Directly below the feed roller 11, a side sheet 64 partially covering this laterally is arranged as an extension of the swivel frame 7. The height of the side coulter 64 corresponds approximately to the height of the end of the swivel frame 7 that is adjacent to it above, wherein it runs approximately parallel to the opposite end of the swivel frame 7 pointing towards a conveyor 12.

The conveyor 12 is arranged between the wheel axle 13 and the vehicle frame 4. It has an inclination essentially corresponding to the swivel frame. A run 58 formed from upper and lower run runs over deflection axes 52 and 53, as well as over support rolls 54 and 55 and tensioning rolls 56 and 57. The transport direction of the conveyor 12 and of the waste pickup 9 arranged in the swivel frame 7 is the same and in the direction of the rear end of the vehicle 1 directed. Similar to the swivel frame 7, the conveyor 12 also has side-guiding plates 66.

In Figure 1, the vehicle frame 4 is shown lifted relative to the wheel axle 13. Two support arms 62 and 63 connected to the vehicle frame 4 point from the vehicle frame in the direction of the wheel axis 13. A lifting cylinder 61 is arranged centrally between them. A lifting piston 60 is almost completely extended from the lifting cylinder 61, with a holding part 59 partially encompassing the wheel axle 13 being arranged at its end. This has a cross section similar to an isosceles triangle. The reciprocating piston 60 is connected in the center to the base of this triangle.

By lifting the vehicle frame 4 with the aid of the lifting device 60, 61, the wheel 14 is almost completely visible.

A height-adjustable adjusting wheel 162 for parking the vehicle 1 is arranged near the coupling device 3 perpendicular to the vehicle frame 4.

FIG. 2 shows the beach cleaning vehicle 1 with the pivot frame 7 lowered to the floor 68. The same parts are provided with the same reference numerals as in FIG. 1 and are only mentioned in part.

The loading area 5 is placed on the vehicle frame 4 in this figure. When actuated, the tilting device 36 moves its end 38 along the circular arc 72, the loading surface 5 assuming approximately the position shown in FIG. 1 at the end of the circular arc. The tip 41 of the triangular frame part can be guided along the semicircular arc 71 with the aid of the collecting container swiveling device 39. During the The position of the collecting container 6 shown, which is pivoted as far as possible over the loading surface 5 and the triangular tip 41 points in the direction of the pivoting device 39, is in the position of the collecting container 6 shown in FIG. 2, this near the bottom 68 below the rear deflection axis 53 the conveyor 12 arranged. When the collecting container swiveling device 39 is actuated, the center area 44 of the collecting container 6 moves along the circle 69 to the position of the collecting container 6 '. At the same time, the end point 47 of the rocker arm 46 moves along the arch 70. Due to the relative arrangement and length of the carrier 42 and the rocker arm 46 described in FIG. 1, the corresponding guide arch 69 and 70 intersect and the open end of the collecting container 6 is more and more pointed Direction of the loading area 5 and can be emptied via a pouring edge 161 in the direction of the loading area 5.
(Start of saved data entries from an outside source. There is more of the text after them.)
lemma lattice_point_dominating_on_positive_set:
  fixes B P T :: "(int^'n) set" and f :: "int^'n \<Rightarrow> int"
  assumes "lattice_basis B" and "P \<subseteq> B" and "\<forall>p\<in>P. u \<bullet> rvec p = 0"
    and fin: "finite T" and T_pos: "\<forall>s\<in>T. 0 < u \<bullet> rvec s"
  shows "\<exists>m. (\<forall>p\<in>P. pairing p m = 0) \<and> (\<forall>s\<in>T. f s \<le> pairing s m)"
proof -
  obtain C where C: "\<And>N. \<exists>m. (\<forall>p\<in>P. pairing p m = 0) \<and>
      (\<forall>v. \<bar>of_int (pairing v m) - N * (u \<bullet> rvec v)\<bar> \<le> C v)"
    using lattice_point_approximating_functional[OF assms(1-3)] by blast
  define N where "N = (\<Sum>s\<in>T. (\<bar>of_int (f s)\<bar> + C s) / (u \<bullet> rvec s))"
  obtain m where m_P: "\<forall>p\<in>P. pairing p m = 0"
    and m_approx: "\<And>v. \<bar>of_int (pairing v m) - N * (u \<bullet> rvec v)\<bar> \<le> C v"
    using C[of N] by blast
  have C_nonneg: "0 \<le> C v" for v
    using m_approx[of v] by linarith
  have "f s \<le> pairing s m" if s: "s \<in> T" for s
  proof -
    have pos: "0 < u \<bullet> rvec s" using T_pos s by blast
    have "(\<bar>of_int (f s)\<bar> + C s) / (u \<bullet> rvec s) \<le> N"
      unfolding N_def using fin s T_pos C_nonneg
      by (intro member_le_sum) (auto intro!: divide_nonneg_pos add_nonneg_nonneg)
    then have "\<bar>of_int (f s)\<bar> + C s \<le> N * (u \<bullet> rvec s)"
      using pos by (simp add: divide_le_eq)
    then show ?thesis
      using m_approx[of s] by linarith
  qed
  with m_P show ?thesis by blast
qed

subsection \<open>Faces of convex cones\<close>

lemma zero_in_face_of_convex_cone:
  assumes "convex_cone C" and "F face_of C" and "F \<noteq> {}"
  shows "0 \<in> F"
  using assms face_of_conic conic_contains_0 by (auto simp: convex_cone_def)

lemma face_of_convex_cone_summand:
  fixes C :: "'a::euclidean_space set"
  assumes cc: "convex_cone C" and F: "F face_of C" and y: "y \<in> C" and z: "z \<in> C"
    and yz: "y + z \<in> F"
  shows "y \<in> F"
proof -
  have "0 \<in> F"
    using zero_in_face_of_convex_cone[OF cc F] yz by blast
  then have "(1/2) *\<^sub>R 0 + (1/2) *\<^sub>R (y + z) \<in> F"
    using convexD[OF face_of_imp_convex[OF F] \<open>0 \<in> F\<close> yz, of "1/2" "1/2"] by simp
  then have m: "midpoint y z \<in> F"
    by (simp add: midpoint_def)
  show ?thesis
  proof (cases "y = z")
    case True
    then show ?thesis using m by simp
  next
    case False
    then show ?thesis using face_ofD[OF F _ y z m] by simp
  qed
qed

lemma ray_subset_face:
  fixes C :: "'a::euclidean_space set"
  assumes cc: "convex_cone C" and F: "F face_of C" "aff_dim F = 1" and T: "T face_of C"
    and y: "y \<in> F" "y \<in> T" "y \<noteq> 0"
  shows "F \<subseteq> T"
proof (rule ccontr)
  assume "\<not> F \<subseteq> T"
  then have "F \<inter> T \<noteq> F" by blast
  moreover have FT: "F \<inter> T face_of F"
    using face_of_Int[OF F(1) T] F(1) face_of_subset face_of_imp_subset by blast
  ultimately have "aff_dim (F \<inter> T) < 1"
    using face_of_aff_dim_lt[OF face_of_imp_convex[OF F(1)]] F(2) by metis
  moreover have "0 \<in> F \<inter> T"
    using zero_in_face_of_convex_cone[OF cc face_of_Int[OF F(1) T]] y by blast
  then have "aff_dim {0, y} \<le> aff_dim (F \<inter> T)"
    using y by (intro aff_dim_subset) auto
  ultimately show False
    using y by simp
qed

subsection \<open>Cones generated by lattice vectors\<close>

lemma convex_cone_sum:
  assumes "convex_cone C" and "\<And>s. s \<in> S \<Longrightarrow> f s \<in> C"
  shows "sum f S \<in> C"
  using assms(2)
  by (induction S rule: infinite_finite_induct)
     (use assms(1) in \<open>auto simp: convex_cone_contains_0 convex_cone_add\<close>)

lemma convex_cone_lattice_cone: "convex_cone (lattice_cone S)"
  unfolding convex_cone_iff
proof (intro conjI ballI allI impI)
  show "0 \<in> lattice_cone S"
    unfolding lattice_cone_def by (rule CollectI, rule exI[of _ "\<lambda>_. 0"]) simp
next
  fix x y assume "x \<in> lattice_cone S" "y \<in> lattice_cone S"
  then obtain a b where "x = (\<Sum>s\<in>S. a s *\<^sub>R rvec s)" "\<forall>s\<in>S. a s \<ge> 0"
    and "y = (\<Sum>s\<in>S. b s *\<^sub>R rvec s)" "\<forall>s\<in>S. b s \<ge> 0"
    by (auto simp: lattice_cone_def)
  then show "x + y \<in> lattice_cone S"
    unfolding lattice_cone_def
    by (intro CollectI exI[of _ "\<lambda>s. a s + b s"]) (auto simp: scaleR_add_left sum.distrib)
next
  fix x and c :: real assume "x \<in> lattice_cone S" "0 \<le> c"
  then obtain a where "x = (\<Sum>s\<in>S. a s *\<^sub>R rvec s)" "\<forall>s\<in>S. a s \<ge> 0"
    by (auto simp: lattice_cone_def)
  with \<open>0 \<le> c\<close> show "c *\<^sub>R x \<in> lattice_cone S"
    unfolding lattice_cone_def
    by (intro CollectI exI[of _ "\<lambda>s. c * a s"]) (auto simp: scaleR_sum_right)
qed

lemma rvec_in_lattice_cone:
  assumes "finite S" and "s \<in> S"
  shows "rvec s \<in> lattice_cone S"
  unfolding lattice_cone_def
  by (intro CollectI exI[of _ "\<lambda>t. if t = s then 1 else 0"])
     (use assms in \<open>simp add: if_distrib[where f="\<lambda>t. t *\<^sub>R _"] cong: if_cong\<close>)

lemma lattice_cone_eq_convex_cone_hull:
  assumes fin: "finite S"
  shows "lattice_cone S = convex_cone hull (rvec ` S)"
proof
  show "convex_cone hull (rvec ` S) \<subseteq> lattice_cone S"
    by (rule hull_minimal) (use rvec_in_lattice_cone[OF fin] convex_cone_lattice_cone in auto)
next
  show "lattice_cone S \<subseteq> convex_cone hull (rvec ` S)"
    unfolding lattice_cone_def
    by (clarify, rule convex_cone_sum[OF convex_cone_convex_cone_hull])
       (simp add: convex_cone_hull_mul hull_inc)
qed

lemma face_of_lattice_cone_exposed:
  assumes fin: "finite S" and T: "\<tau> face_of lattice_cone S" and ne: "\<tau> \<noteq> {}"
  obtains u where "\<forall>x\<in>lattice_cone S. 0 \<le> u \<bullet> x" and "\<tau> = {x\<in>lattice_cone S. u \<bullet> x = 0}"
proof -
  have "polyhedron (lattice_cone S)"
    unfolding lattice_cone_eq_convex_cone_hull[OF fin]
    by (rule polyhedron_convex_cone_hull) (simp add: fin)
  then have "\<tau> exposed_face_of lattice_cone S"
    using exposed_face_of_polyhedron T by blast
  then obtain a b where ab: "lattice_cone S \<subseteq> {x. a \<bullet> x \<le> b}"
    "\<tau> = lattice_cone S \<inter> {x. a \<bullet> x = b}"
    by (auto simp: exposed_face_of_def)
  have "0 \<in> \<tau>"
    using zero_in_face_of_convex_cone[OF convex_cone_lattice_cone T ne] .
  then have "b = 0"
    using ab by auto
  then show thesis
    using ab by (intro that[of "-a"]) auto
qed

subsection \<open>Rays and Demazure roots\<close>

lemma ray_gens_face_subset: "\<tau> face_of \<sigma> \<Longrightarrow> ray_gens \<tau> \<subseteq> ray_gens \<sigma>"
  unfolding ray_gens_def using face_of_trans by blast

lemma ray_gen_of_face:
  assumes cc: "convex_cone \<sigma>" and T: "\<tau> face_of \<sigma>" and q: "q \<in> ray_gens \<sigma>" and "rvec q \<in> \<tau>"
  shows "q \<in> ray_gens \<tau>"
proof -
  obtain F where F: "F face_of \<sigma>" "aff_dim F = 1" "rvec q \<in> F" and q_prim: "primitive_vec q"
    using q by (auto simp: ray_gens_def)
  have "rvec q \<noteq> 0"
    using q_prim by (simp add: primitive_vec_def rvec_eq_0_iff)
  then have "F \<subseteq> \<tau>"
    using ray_subset_face[OF cc F(1,2) T F(3) \<open>rvec q \<in> \<tau>\<close>] by blast
  then have "F face_of \<tau>"
    using face_of_subset[OF F(1)] T face_of_imp_subset by blast
  then show ?thesis
    using F q_prim by (auto simp: ray_gens_def)
qed

lemma pairing_ray_gen_nonneg:
  fixes S :: "(int^'n) set"
  assumes fin: "finite S" and T: "\<tau> face_of lattice_cone S"
    and u_nonneg: "\<forall>x\<in>lattice_cone S. 0 \<le> u \<bullet> x" and \<tau>: "\<tau> = {x\<in>lattice_cone S. u \<bullet> x = 0}"
    and e_nonneg: "\<forall>s\<in>S. 0 < u \<bullet> rvec s \<longrightarrow> 0 \<le> pairing s e"
    and q: "q \<in> ray_gens (lattice_cone S)" and q_out: "rvec q \<notin> \<tau>"
  shows "0 \<le> pairing q e"
proof -
  let ?\<sigma> = "lattice_cone S"
  have cc: "convex_cone ?\<sigma>"
    by (rule convex_cone_lattice_cone)
  obtain F where F: "F face_of ?\<sigma>" "aff_dim F = 1" "rvec q \<in> F"
    using q by (auto simp: ray_gens_def)
  then have "rvec q \<in> ?\<sigma>"
    using face_of_imp_subset by blast
  then obtain a where a: "rvec q = (\<Sum>s\<in>S. a s *\<^sub>R rvec s)" "\<forall>s\<in>S. a s \<ge> 0"
    by (auto simp: lattice_cone_def)
  have "0 \<le> a s * of_int (pairing s e)" if s: "s \<in> S" for s
  proof (cases "0 < u \<bullet> rvec s")
    case True
    then show ?thesis using e_nonneg s a(2) by simp
  next
    case False
    have s_in: "rvec s \<in> ?\<sigma>"
      using rvec_in_lattice_cone[OF fin s] .
    define y where "y = a s *\<^sub>R rvec s"
    define z where "z = (\<Sum>t\<in>S - {s}. a t *\<^sub>R rvec t)"
    have y_in: "y \<in> ?\<sigma>"
      using s_in a(2) s cc by (simp add: y_def convex_cone_scaleR)
    have z_in: "z \<in> ?\<sigma>"
      unfolding z_def using a(2) fin
      by (intro convex_cone_sum[OF cc]) (simp add: convex_cone_scaleR[OF cc] rvec_in_lattice_cone)
    have "y + z = rvec q"
      unfolding y_def z_def a(1) using sum.remove[OF fin s, of "\<lambda>t. a t *\<^sub>R rvec t"] by simp
    then have "y \<in> F"
      using face_of_convex_cone_summand[OF cc F(1) y_in z_in] F(3) by simp
    moreover have "u \<bullet> y = 0"
      using False u_nonneg s_in by (force simp: y_def)
    then have "y \<in> \<tau>"
      using y_in by (simp add: \<tau>)
    ultimately have "y = 0"
      using ray_subset_face[OF cc F(1,2) T] F(3) q_out by blast
    then show ?thesis
      using rvec_eq_0_iff[of s] by (auto simp: y_def pairing_def)
  qed
  then have "0 \<le> (\<Sum>s\<in>S. a s * of_int (pairing s e))"
    by (rule sum_nonneg)
  also have "\<dots> = rvec q \<bullet> rvec e"
    by (simp add: a(1) inner_sum_left inner_rvec)
  finally show ?thesis
    by (simp add: inner_rvec)
qed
The swivel frame 7 is lowered around the laying point 8 at one end to the floor 68. A receiving wedge strip 10 arranged below the feed rotor 11 on the swivel frame 7 touches the bottom 68 with its free end, and the side sheet 64 runs with its underside essentially parallel to the bottom.

When the swivel frame 7 is lifted off in the direction of the vehicle frame 4 with the aid of the actuating device 32, its end 33 mounted on the swivel frame 7 can be guided along the arch 73. Furthermore, the axis of rotation 18 of the feed rotor 11 can be pivoted with the aid of the adjusting device 29 over the swivel area 74. In the arrangement of the feed rotor shown in FIG. 2, it is in a second operating position, while the positions 11 ′ and 11 ″ are in a first and a third position Correspond to the operating position. These are explained in more detail in FIGS. 8 to 10.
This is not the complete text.